Scientists Train AI Using Headcam Footage From Human Toddler

Researchers have not only built an AI child, but are now training AI using headcam footage from a human baby as well.

In a press release, New York University announced that its data science researchers had strapped a camera to the head of a real, live, human toddler for 18 months to see how much an AI model could learn from it.

Most large language models (LLMs), like OpenAI’s GPT-4 and its competitors, are trained on “astronomical amounts of language input” that are many times larger than what infants receive when learning to speak a language during the first years of their lives.

Despite that data gap, the systems the NYU scientists trained on the baby cam data were in fact able to learn a “substantial number of words and concepts” — and all from only about one percent of the child’s total waking hours between the ages of six months and two years.

Translation: using only a fraction of the data usually required to train an AI model, these researchers were able to teach their system to learn like a baby.
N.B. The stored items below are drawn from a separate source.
lemma inj_symmetry: "inj \<Psi>" and surj_symmetry: "surj \<Psi>"
  using sym by (simp_all add: symmetry_def bij_is_inj bij_is_surj)

lemma symmetry_Nil: "\<Psi> [] = []"
proof -
  obtain z where z: "\<Psi> z = []"
    using surj_symmetry by (metis surjD)
  have "length z = occ [] z"
    by (simp add: occ_Nil_left)
  also have "\<dots> = occ (\<Psi> []) []"
    using occ_symmetry[of "[]" z] z by simp
  finally show ?thesis
    using z by simp
qed

lemma length_symmetry: "length (\<Psi> v) = length v"
  using occ_symmetry[of "[]" v] by (simp add: symmetry_Nil occ_Nil_left)

lemma symmetry_singleton: "\<Psi> [a] = [letter_image \<Psi> a]"
proof -
  obtain b where "\<Psi> [a] = [b]"
    using length_symmetry[of "[a]"] by (auto simp: length_Suc_conv)
  then show ?thesis
    by (simp add: letter_image_def)
qed

lemma inj_letter_image: "inj (letter_image \<Psi>)"
  using inj_symmetry by (metis injI injD symmetry_singleton list.inject)

lemma occ_symmetry_eq_if_agree_below:
  assumes occ_g: "\<And>u v. occ (g u) (g v) = occ u v"
    and agree: "\<And>u. length u < m \<Longrightarrow> \<Psi> u = g u"
    and "length u < m"
  shows "occ u (\<Psi> v) = occ u (g v)"
proof -
  obtain u' where u: "u = \<Psi> u'"
    using surj_symmetry by (metis surjD)
  then have "\<Psi> u' = g u'"
    using agree \<open>length u < m\<close> length_symmetry by simp
  then show ?thesis
    using occ_symmetry[of u' v] occ_g[of u' v] u by simp
qed

lemma symmetry_eqI:
  assumes occ_g: "\<And>u v. occ (g u) (g v) = occ u v"
    and length_g: "\<And>v. length (g v) = length v"
    and letters: "\<And>a. \<Psi> [a] = g [a]"
    and pairs: "\<And>a b. \<Psi> [a, b] = g [a, b]"
  shows "\<Psi> v = g v"
proof (induction "length v" arbitrary: v rule: less_induct)
  case less
  consider "v = []" | a where "v = [a]" | a b where "v = [a, b]" | "3 \<le> length v"
    by (cases v; cases "tl v"; cases "tl (tl v)") auto
  then show ?case
  proof cases
    case 1
    then show ?thesis
      using length_g[of "[]"] by (simp add: symmetry_Nil)
  next
    case 4
    have "occ u (\<Psi> v) = occ u (g v)" if "length u < length v" for u
      using occ_g less that by (rule occ_symmetry_eq_if_agree_below)
    with 4 show ?thesis
      using length_symmetry length_g by (intro eq_if_occ_shorter_eq) simp_all
  qed (simp_all add: letters pairs)
qed

lemma symmetry_pair:
  "\<Psi> [a, b] = [letter_image \<Psi> a, letter_image \<Psi> b]
   \<or> \<Psi> [a, b] = [letter_image \<Psi> b, letter_image \<Psi> a]"
proof -
  let ?f = "letter_image \<Psi>"
  have agree: "\<Psi> u = map ?f u" if "length u < 2" for u
    using that by (cases u) (auto simp: symmetry_Nil symmetry_singleton)
  have "count (mset (\<Psi> [a, b])) c = count (mset (map ?f [a, b])) c" for c
    using occ_symmetry_eq_if_agree_below[OF occ_map[OF inj_letter_image] agree,
        where u = "[c]" and v = "[a, b]"]
    by (simp add: occ_singleton)
  then have "mset (\<Psi> [a, b]) = mset (map ?f [a, b])"
    by (rule multiset_eqI)
  then show ?thesis
    using mset_eq_length_2_imp_eq_or_rev length_symmetry[of "[a, b]"] by fastforce
qed

lemma symmetry_pair_swap: "\<Psi> [b, a] = rev (\<Psi> [a, b])"
proof (cases "a = b")
  case True
  then show ?thesis
    using symmetry_pair[of a a] by auto
next
  case False
  let ?f = "letter_image \<Psi>"
  have "\<Psi> [b, a] \<noteq> \<Psi> [a, b]"
    using False inj_symmetry by (auto dest: injD)
  moreover have "?f a \<noteq> ?f b"
    using False inj_letter_image by (auto dest: injD)
  ultimately show ?thesis
    using symmetry_pair[of a b] symmetry_pair[of b a] by auto
qed

text \<open>Otherwise \<open>\<Psi> [b, a]\<close> and \<open>\<Psi> [a, c]\<close> would be the two factors of length 2 of
  \<open>\<Psi> [b, a, c]\<close>, both ending in the image of \<open>a\<close>, forcing a repeated letter.\<close>

lemma symmetry_pair_orientation_propagates:
  assumes "a \<noteq> b" "a \<noteq> c"
    and ab: "\<Psi> [a, b] = [letter_image \<Psi> a, letter_image \<Psi> b]"
  shows "\<Psi> [a, c] = [letter_image \<Psi> a, letter_image \<Psi> c]"
proof (rule ccontr)
  let ?f = "letter_image \<Psi>"
  assume "\<Psi> [a, c] \<noteq> [?f a, ?f c]"
  then have ac: "\<Psi> [a, c] = [?f c, ?f a]"
    using symmetry_pair[of a c] by simp
  have ba: "\<Psi> [b, a] = [?f b, ?f a]"
    using ab symmetry_pair_swap[of a b] by simp
  obtain p q r where bac: "\<Psi> [b, a, c] = [p, q, r]"
    using length_symmetry[of "[b, a, c]"] by (auto simp: length_Suc_conv numeral_3_eq_3)
  have one_of: "P \<or> Q" if "of_bool P + of_bool Q = (1::nat)" for P Q
    using that by (cases P; cases Q) simp_all
  have "occ [?f b, ?f a] [p, q, r] = occ [b, a] [b, a, c]"
    using occ_symmetry[of "[b, a]" "[b, a, c]"] ba bac by simp
  also have "\<dots> = 1"
    using assms(1) by (simp add: occ_pair_triple)
  finally have "[?f b, ?f a] = [p, q] \<or> [?f b, ?f a] = [q, r]"
    unfolding occ_pair_triple by (rule one_of)
  moreover have "occ [?f c, ?f a] [p, q, r] = occ [a, c] [b, a, c]"
    using occ_symmetry[of "[a, c]" "[b, a, c]"] ac bac by simp
  then have "[?f c, ?f a] = [p, q] \<or> [?f c, ?f a] = [q, r]"
    using assms(1) unfolding occ_pair_triple by (intro one_of) simp
  moreover have "?f a \<noteq> ?f b" "?f a \<noteq> ?f c"
    using assms(1,2) inj_letter_image by (auto dest: injD)
  moreover have "?f b \<noteq> ?f c"
  proof
    assume "?f b = ?f c"
    then have "[?f a, ?f b] = [?f b, ?f a]"
      using ab ac inj_letter_image by (metis injD)
    with \<open>?f a \<noteq> ?f b\<close> show False
      by simp
  qed
  ultimately show False
    by auto
qed

lemma symmetry_pairs_uniform:
  "(\<forall>a b. \<Psi> [a, b] = [letter_image \<Psi> a, letter_image \<Psi> b])
   \<or> (\<forall>a b. \<Psi> [a, b] = [letter_image \<Psi> b, letter_image \<Psi> a])"
proof (rule ccontr)
  let ?f = "letter_image \<Psi>"
  assume "\<not> ?thesis"
  then obtain a b c d
    where ab: "\<Psi> [a, b] \<noteq> [?f a, ?f b]" and cd: "\<Psi> [c, d] \<noteq> [?f d, ?f c]"
    by blast
  have "a \<noteq> b"
    using ab symmetry_pair[of a a] by auto
  have "c \<noteq> d"
    using cd symmetry_pair[of c c] by auto
  have cd': "\<Psi> [c, d] = [?f c, ?f d]"
    using cd symmetry_pair[of c d] by auto
  have "\<Psi> [a, b] = [?f a, ?f b]"
  proof (cases "a = c")
    case True
    then show ?thesis
      using symmetry_pair_orientation_propagates[of c d b] \<open>a \<noteq> b\<close> \<open>c \<noteq> d\<close> cd' by simp
  next
    case False
    then have "\<Psi> [c, a] = [?f c, ?f a]"
      using symmetry_pair_orientation_propagates[of c d a] \<open>c \<noteq> d\<close> cd' by simp
    then have "\<Psi> [a, c] = [?f a, ?f c]"
      using symmetry_pair_swap[of c a] by simp
    with False show ?thesis
      using symmetry_pair_orientation_propagates[of a c b] \<open>a \<noteq> b\<close> by simp
  qed
  with ab show False ..
qed

end

theorem lemma15:
  fixes \<Psi> :: "'a::finite list \<Rightarrow> 'a list"
  assumes "symmetry \<Psi>"
  shows "morphism \<Psi> \<or> antimorphism \<Psi>"
proof -
  let ?f = "letter_image \<Psi>"
  have occ_f: "occ (map ?f u) (map ?f v) = occ u v" for u v
    using assms by (simp add: occ_map inj_letter_image)
  from symmetry_pairs_uniform[OF assms] show ?thesis
  proof
    assume "\<forall>a b. \<Psi> [a, b] = [?f a, ?f b]"
    then have "\<Psi> v = map ?f v" for v
      using symmetry_eqI[OF assms, where g = "map ?f"] occ_f
      by (simp add: symmetry_singleton[OF assms])
    then show ?thesis
      by (simp add: morphism_def)
  next
    assume "\<forall>a b. \<Psi> [a, b] = [?f b, ?f a]"
    then have "\<Psi> v = rev (map ?f v)" for v
      using symmetry_eqI[OF assms, where g = "\<lambda>v. rev (map ?f v)"] occ_f
      by (simp add: occ_rev symmetry_singleton[OF assms])
    then show ?thesis
      by (simp add: antimorphism_def)
  qed
qed

end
That sort of thing is enough to make most Silicon Valley types, who are understandably concerned about the enormous amounts of energy, water, and data needed to train AI models, salivate.

As the MIT Technology Review reports, the baby in question is named Sam, and he lives in Australia with his parents and two cats. The project resulted in roughly 61 hours of footage shot while Sam wore the lightweight camera headset on and off for a year and a half — and ultimately in a study published last week in the journal Science.
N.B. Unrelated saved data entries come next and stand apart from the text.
lemma endpoint_ratio_bound_lower_iff:
  assumes "r > 0" and "\<epsilon> > 0"
  shows "(\<forall>w\<in>{c-r..c+r}. \<forall>w'\<in>{c-r..c+r}. w - g \<le> exp \<epsilon> * (w' - g)) \<longleftrightarrow>
    r * alpha \<epsilon> \<le> c - g" (is "?bound \<longleftrightarrow> _")
proof -
  have "?bound \<longleftrightarrow> c + r - g \<le> exp \<epsilon> * (c - r - g)"
  proof
    assume ?bound
    then show "c + r - g \<le> exp \<epsilon> * (c - r - g)"
      using \<open>r > 0\<close> by auto
  next
    assume endpoints: "c + r - g \<le> exp \<epsilon> * (c - r - g)"
    show ?bound
    proof (intro ballI)
      fix w w' assume w: "w \<in> {c-r..c+r}" and w': "w' \<in> {c-r..c+r}"
      have "w - g \<le> c + r - g"
        using w by simp
      also have "\<dots> \<le> exp \<epsilon> * (c - r - g)"
        by (fact endpoints)
      also have "\<dots> \<le> exp \<epsilon> * (w' - g)"
        using w' by (intro mult_left_mono) auto
      finally show "w - g \<le> exp \<epsilon> * (w' - g)" .
    qed
  qed
  also have "\<dots> \<longleftrightarrow> r * (exp \<epsilon> + 1) \<le> (c - g) * (exp \<epsilon> - 1)"
    by (simp add: algebra_simps)
  also have "\<dots> \<longleftrightarrow> r * alpha \<epsilon> \<le> c - g"
    by (rule mult_alpha_le_iff[OF \<open>\<epsilon> > 0\<close>, symmetric])
  finally show ?thesis .
qed

lemma endpoint_ratio_bound_upper_iff:
  assumes "r > 0" and "\<epsilon> > 0"
  shows "(\<forall>w\<in>{c-r..c+r}. \<forall>w'\<in>{c-r..c+r}. g - w \<le> exp \<epsilon> * (g - w')) \<longleftrightarrow>
    r * alpha \<epsilon> \<le> g - c" (is "?bound \<longleftrightarrow> _")
proof -
  have "?bound \<longleftrightarrow> g - (c - r) \<le> exp \<epsilon> * (g - (c + r))"
  proof
    assume ?bound
    then show "g - (c - r) \<le> exp \<epsilon> * (g - (c + r))"
      using \<open>r > 0\<close> by auto
  next
    assume endpoints: "g - (c - r) \<le> exp \<epsilon> * (g - (c + r))"
    show ?bound
    proof (intro ballI)
      fix w w' assume w: "w \<in> {c-r..c+r}" and w': "w' \<in> {c-r..c+r}"
      have "g - w \<le> g - (c - r)"
        using w by simp
      also have "\<dots> \<le> exp \<epsilon> * (g - (c + r))"
        by (fact endpoints)
      also have "\<dots> \<le> exp \<epsilon> * (g - w')"
        using w' by (intro mult_left_mono) auto
      finally show "g - w \<le> exp \<epsilon> * (g - w')" .
    qed
  qed
  also have "\<dots> \<longleftrightarrow> r * (exp \<epsilon> + 1) \<le> (g - c) * (exp \<epsilon> - 1)"
    by (simp add: algebra_simps)
  also have "\<dots> \<longleftrightarrow> r * alpha \<epsilon> \<le> g - c"
    by (rule mult_alpha_le_iff[OF \<open>\<epsilon> > 0\<close>, symmetric])
  finally show ?thesis .
qed

lemma pldp_iff_output_distances:
  assumes "r > 0" and "\<epsilon> > 0" and "g1 < g2"
    and binary: "binary_output c r g1 g2 Q" and unbiased: "unbiased c r Q"
  shows "pldp c r \<epsilon> g1 g2 Q \<longleftrightarrow> r * alpha \<epsilon> \<le> c - g1 \<and> r * alpha \<epsilon> \<le> g2 - c"
proof -
  have pmf: "pmf (Q w) g2 = (w - g1) / (g2 - g1)" "pmf (Q w) g1 = (g2 - w) / (g2 - g1)"
    if "w \<in> {c-r..c+r}" for w
    using pmf_two_point_of_mean[of "Q w" g1 g2 w] that binary unbiased \<open>g1 < g2\<close>
    unfolding binary_output_def unbiased_def by auto
  have rescale: "x / (g2 - g1) \<le> exp \<epsilon> * y / (g2 - g1) \<longleftrightarrow> x \<le> exp \<epsilon> * y" for x y
    using \<open>g1 < g2\<close> by (simp add: divide_le_cancel)
  have "pldp c r \<epsilon> g1 g2 Q \<longleftrightarrow>
      (\<forall>w\<in>{c-r..c+r}. \<forall>w'\<in>{c-r..c+r}. pmf (Q w) g2 \<le> exp \<epsilon> * pmf (Q w') g2) \<and>
      (\<forall>w\<in>{c-r..c+r}. \<forall>w'\<in>{c-r..c+r}. pmf (Q w) g1 \<le> exp \<epsilon> * pmf (Q w') g1)"
    unfolding pldp_def by auto
  also have "\<dots> \<longleftrightarrow>
      (\<forall>w\<in>{c-r..c+r}. \<forall>w'\<in>{c-r..c+r}. w - g1 \<le> exp \<epsilon> * (w' - g1)) \<and>
      (\<forall>w\<in>{c-r..c+r}. \<forall>w'\<in>{c-r..c+r}. g2 - w \<le> exp \<epsilon> * (g2 - w'))"
    by (intro conj_cong ball_cong refl) (simp_all add: pmf rescale)
  also have "\<dots> \<longleftrightarrow> r * alpha \<epsilon> \<le> c - g1 \<and> r * alpha \<epsilon> \<le> g2 - c"
    using endpoint_ratio_bound_lower_iff[OF \<open>r > 0\<close> \<open>\<epsilon> > 0\<close>]
      endpoint_ratio_bound_upper_iff[OF \<open>r > 0\<close> \<open>\<epsilon> > 0\<close>] by simp
  finally show ?thesis .
qed

lemma admissible_ordered_outputs:
  assumes "r > 0" and "admissible c r \<epsilon> Q"
  obtains g1 g2 where "g1 < g2" "binary_output c r g1 g2 Q" "unbiased c r Q"
    "pldp c r \<epsilon> g1 g2 Q"
proof -
  obtain g1 g2 where binary: "binary_output c r g1 g2 Q" and "unbiased c r Q"
    and "pldp c r \<epsilon> g1 g2 Q"
    using assms(2) unfolding admissible_def by blast
  have "g1 \<noteq> g2"
  proof
    assume "g1 = g2"
    then have "Q w = return_pmf g1" if "w \<in> {c-r..c+r}" for w
      using binary that by (simp add: binary_output_def set_pmf_subset_singleton)
    then have "c - r = g1" and "c + r = g1"
      using \<open>unbiased c r Q\<close> \<open>r > 0\<close> unfolding unbiased_def by force+
    with \<open>r > 0\<close> show False by simp
  qed
  moreover have "binary_output c r g2 g1 Q" "pldp c r \<epsilon> g2 g1 Q"
    using binary \<open>pldp c r \<epsilon> g1 g2 Q\<close>
    by (simp_all add: binary_output_def pldp_def insert_commute)
  ultimately show ?thesis
    using that binary \<open>unbiased c r Q\<close> \<open>pldp c r \<epsilon> g1 g2 Q\<close>
    by (metis linorder_neqE_linordered_idom)
qed

lemma admissibleE:
  assumes "r > 0" and "\<epsilon> > 0" and "admissible c r \<epsilon> Q"
  obtains g1 g2 where "r * alpha \<epsilon> \<le> c - g1" "r * alpha \<epsilon> \<le> g2 - c"
    "binary_output c r g1 g2 Q" "unbiased c r Q"
    "\<And>w. w \<in> {c-r..c+r} \<Longrightarrow> mse Q w = (w - g1) * (g2 - w)"
proof -
  obtain g1 g2 where "g1 < g2" and binary: "binary_output c r g1 g2 Q"
    and unbiased: "unbiased c r Q" and "pldp c r \<epsilon> g1 g2 Q"
    using admissible_ordered_outputs[OF \<open>r > 0\<close> \<open>admissible c r \<epsilon> Q\<close>] .
  moreover have "mse Q w = (w - g1) * (g2 - w)" if "w \<in> {c-r..c+r}" for w
    using mean_square_error_two_point[of "Q w" g1 g2 w] that binary unbiased \<open>g1 < g2\<close>
    unfolding binary_output_def unbiased_def mse_def by auto
  ultimately show ?thesis
    using that pldp_iff_output_distances[OF \<open>r > 0\<close> \<open>\<epsilon> > 0\<close>] by blast
qed

lemma set_pmf_Q_opt: "set_pmf (Q_opt c r \<epsilon> w) \<subseteq> {c - r * alpha \<epsilon>, c + r * alpha \<epsilon>}"
  by (auto simp: Q_opt_def U_pmf_def)

lemma mean_Q_opt:
  assumes "r > 0" and "\<epsilon> > 0" and w: "w \<in> {c-r..c+r}"
  shows "measure_pmf.expectation (Q_opt c r \<epsilon> w) (\<lambda>x. x) = w"
proof -
  define a where "a = r * alpha \<epsilon>"
  have "r < a"
    using alpha_gt_1[OF \<open>\<epsilon> > 0\<close>] \<open>r > 0\<close> unfolding a_def by simp
  define p where "p = 1/2 + (w - c) / (2 * a)"
  have "- a \<le> w - c" "w - c \<le> a"
    using w \<open>r < a\<close> by auto
  then have "0 \<le> p" "p \<le> 1"
    using \<open>r < a\<close> \<open>r > 0\<close> unfolding p_def by (simp_all add: field_simps)
  then have "measure_pmf.expectation (Q_opt c r \<epsilon> w) (\<lambda>x. x) = p * (c + a) + (1 - p) * (c - a)"
    by (simp add: Q_opt_def U_pmf_def a_def p_def algebra_simps)
  also have "\<dots> = w"
    using \<open>r < a\<close> \<open>r > 0\<close> unfolding p_def by (simp add: field_simps)
  finally show ?thesis .
qed

lemma admissible_Q_opt:
  assumes "r > 0" and "\<epsilon> > 0"
  shows "admissible c r \<epsilon> (Q_opt c r \<epsilon>)"
proof -
  have binary: "binary_output c r (c - r * alpha \<epsilon>) (c + r * alpha \<epsilon>) (Q_opt c r \<epsilon>)"
    using set_pmf_Q_opt unfolding binary_output_def by blast
  have unbiased: "unbiased c r (Q_opt c r \<epsilon>)"
    using mean_Q_opt[OF assms] unfolding unbiased_def by blast
  have "c - r * alpha \<epsilon> < c + r * alpha \<epsilon>"
    using alpha_gt_1[OF \<open>\<epsilon> > 0\<close>] \<open>r > 0\<close> by simp
  then have "pldp c r \<epsilon> (c - r * alpha \<epsilon>) (c + r * alpha \<epsilon>) (Q_opt c r \<epsilon>)"
    using pldp_iff_output_distances[OF assms _ binary unbiased] by simp
  with binary unbiased show ?thesis
    unfolding admissible_def by blast
qed

lemma mse_Q_opt:
  assumes "r > 0" and "\<epsilon> > 0" and "w \<in> {c-r..c+r}"
  shows "mse (Q_opt c r \<epsilon>) w = (w - (c - r * alpha \<epsilon>)) * (c + r * alpha \<epsilon> - w)"
  unfolding mse_def
proof (rule mean_square_error_two_point[OF set_pmf_Q_opt])
  show "c - r * alpha \<epsilon> < c + r * alpha \<epsilon>"
    using alpha_gt_1[OF \<open>\<epsilon> > 0\<close>] \<open>r > 0\<close> by simp
qed (fact mean_Q_opt[OF assms])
“This data set was totally unique,” computational cognitive scientist Brandon Lake told MIT Tech. “It’s the best window we’ve ever had into what a single child has access to.”

After feeding the babycam footage into its AI, the researchers found that it was able to perform a feat of human cognition: matching up words with the objects they represent — a chaotic undertaking, as MIT Tech reports, because the footage was often cluttered with many objects even if a speaker can be heard referencing one in particular.
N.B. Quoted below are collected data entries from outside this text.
lemma star_modprod_generator_t2:
  assumes "2 \<le> s"
  obtains S where "strong_metric_generator (star_modprod_V s 2) star_modprod_E S"
    "card S = s * 2 + s - 1"
proof -
  define W where "W = {(0::nat, 0::nat), (0, 1), (1, 0), (1, 1)}"
  have W: "W \<subseteq> star_modprod_V s 2" using assms unfolding W_def star_V_def by auto
  have "{(0, 2), (2, 0), (2, 1)} \<subseteq> star_modprod_V s 2 - W"
    using assms unfolding W_def star_V_def by auto
  moreover have "\<forall>x\<in>W. \<forall>y\<in>W. x \<noteq> y \<longrightarrow>
      (\<exists>z\<in>{(0, 2), (2, 0), (2, 1)}. star_modprod_E z x \<longleftrightarrow> \<not> star_modprod_E z y)"
    unfolding W_def by (simp add: star_modprod_E_iff)
  ultimately have "\<exists>z\<in>star_modprod_V s 2 - W. star_modprod_E z x \<longleftrightarrow> \<not> star_modprod_E z y"
    if "x \<in> W" "y \<in> W" "x \<noteq> y" for x y
    using that by blast
  moreover have "is_clique star_modprod_E W"
    unfolding W_def is_clique_def by (simp add: star_modprod_E_iff)
  moreover have "card W = 4" unfolding W_def by simp
  ultimately show ?thesis using that star_modprod_generator_complement[OF W] by simp
qed

lemma star_modprod_generator_t3:
  assumes "3 \<le> t" "t \<le> s"
  obtains S where "strong_metric_generator (star_modprod_V s t) star_modprod_E S"
    "card S = s * t + s"
proof -
  define W where "W = insert (0::nat, 0::nat) ((\<lambda>i. (i, i)) ` {1..t})"
  have W: "W \<subseteq> star_modprod_V s t" using assms unfolding W_def star_V_def by auto
  have outside: "(0, j) \<in> star_modprod_V s t - W" if "1 \<le> j" "j \<le> t" for j
    using that unfolding W_def star_V_def by auto
  have "\<exists>z\<in>star_modprod_V s t - W. star_modprod_E z x \<longleftrightarrow> \<not> star_modprod_E z y"
    if xy: "x \<in> W" "y \<in> W" "x \<noteq> y" for x y
  proof -
    have sep: "star_modprod_E (0, j) (i, i) \<longleftrightarrow> i = j" "star_modprod_E (0, j) (0, 0)"
      if "1 \<le> i" "1 \<le> j" for i j
      using that by (auto simp: star_modprod_E_iff)
    show ?thesis
    proof (cases "x = (0, 0) \<or> y = (0, 0)")
      case True
      then obtain i where i: "1 \<le> i" "i \<le> t" "x = (0, 0) \<and> y = (i, i) \<or> x = (i, i) \<and> y = (0, 0)"
        using xy unfolding W_def by auto
      define j where "j = (if i = 1 then 2 else 1 :: nat)"
      have "1 \<le> j" "j \<le> t" "j \<noteq> i" using assms unfolding j_def by auto
      then show ?thesis
        using i sep[of i j] outside[of j] by (intro bexI[of _ "(0, j)"]) auto
    next
      case False
      then obtain i k where "x = (i, i)" "y = (k, k)" "1 \<le> i" "i \<le> t" "1 \<le> k"
        using xy unfolding W_def by fastforce
      then show ?thesis
        using xy(3) sep[of i i] sep[of k i] outside[of i] by (intro bexI[of _ "(0, i)"]) auto
    qed
  qed
  moreover have "is_clique star_modprod_E W"
    unfolding W_def is_clique_def by (auto simp: star_modprod_E_iff)
  moreover have "card W = t + 1"
    unfolding W_def by (subst card_insert_disjoint) (auto simp: card_image inj_on_def)
  ultimately show ?thesis
    using that star_modprod_generator_complement[OF W] by (simp add: algebra_simps)
qed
Curiously enough, researchers at Indiana University conducted remarkably similar experiments with a baby wearing a headcam and released their preliminary results last fall — though in that case, they were more interested in the child’s visual learning and how AI could help understand it, rather than its language processing.

Even more curiously still, it appears that NYU funded its research into baby-AI learning using a grant from the Pentagon’s Defense Advanced Research Projects Agency (DARPA), which has invested billions of dollars into AI.

In fact, NYU’s Tandon School of Engineering, which was not a part of the babycam research, received a $5 million contract to help DARPA develop an “AI-driven augmented reality assistant” back in 2021.

It’s unclear how much DARPA (or the National Science Foundation, which also helped fund the AI babycam) gave NYU for this specific experiment.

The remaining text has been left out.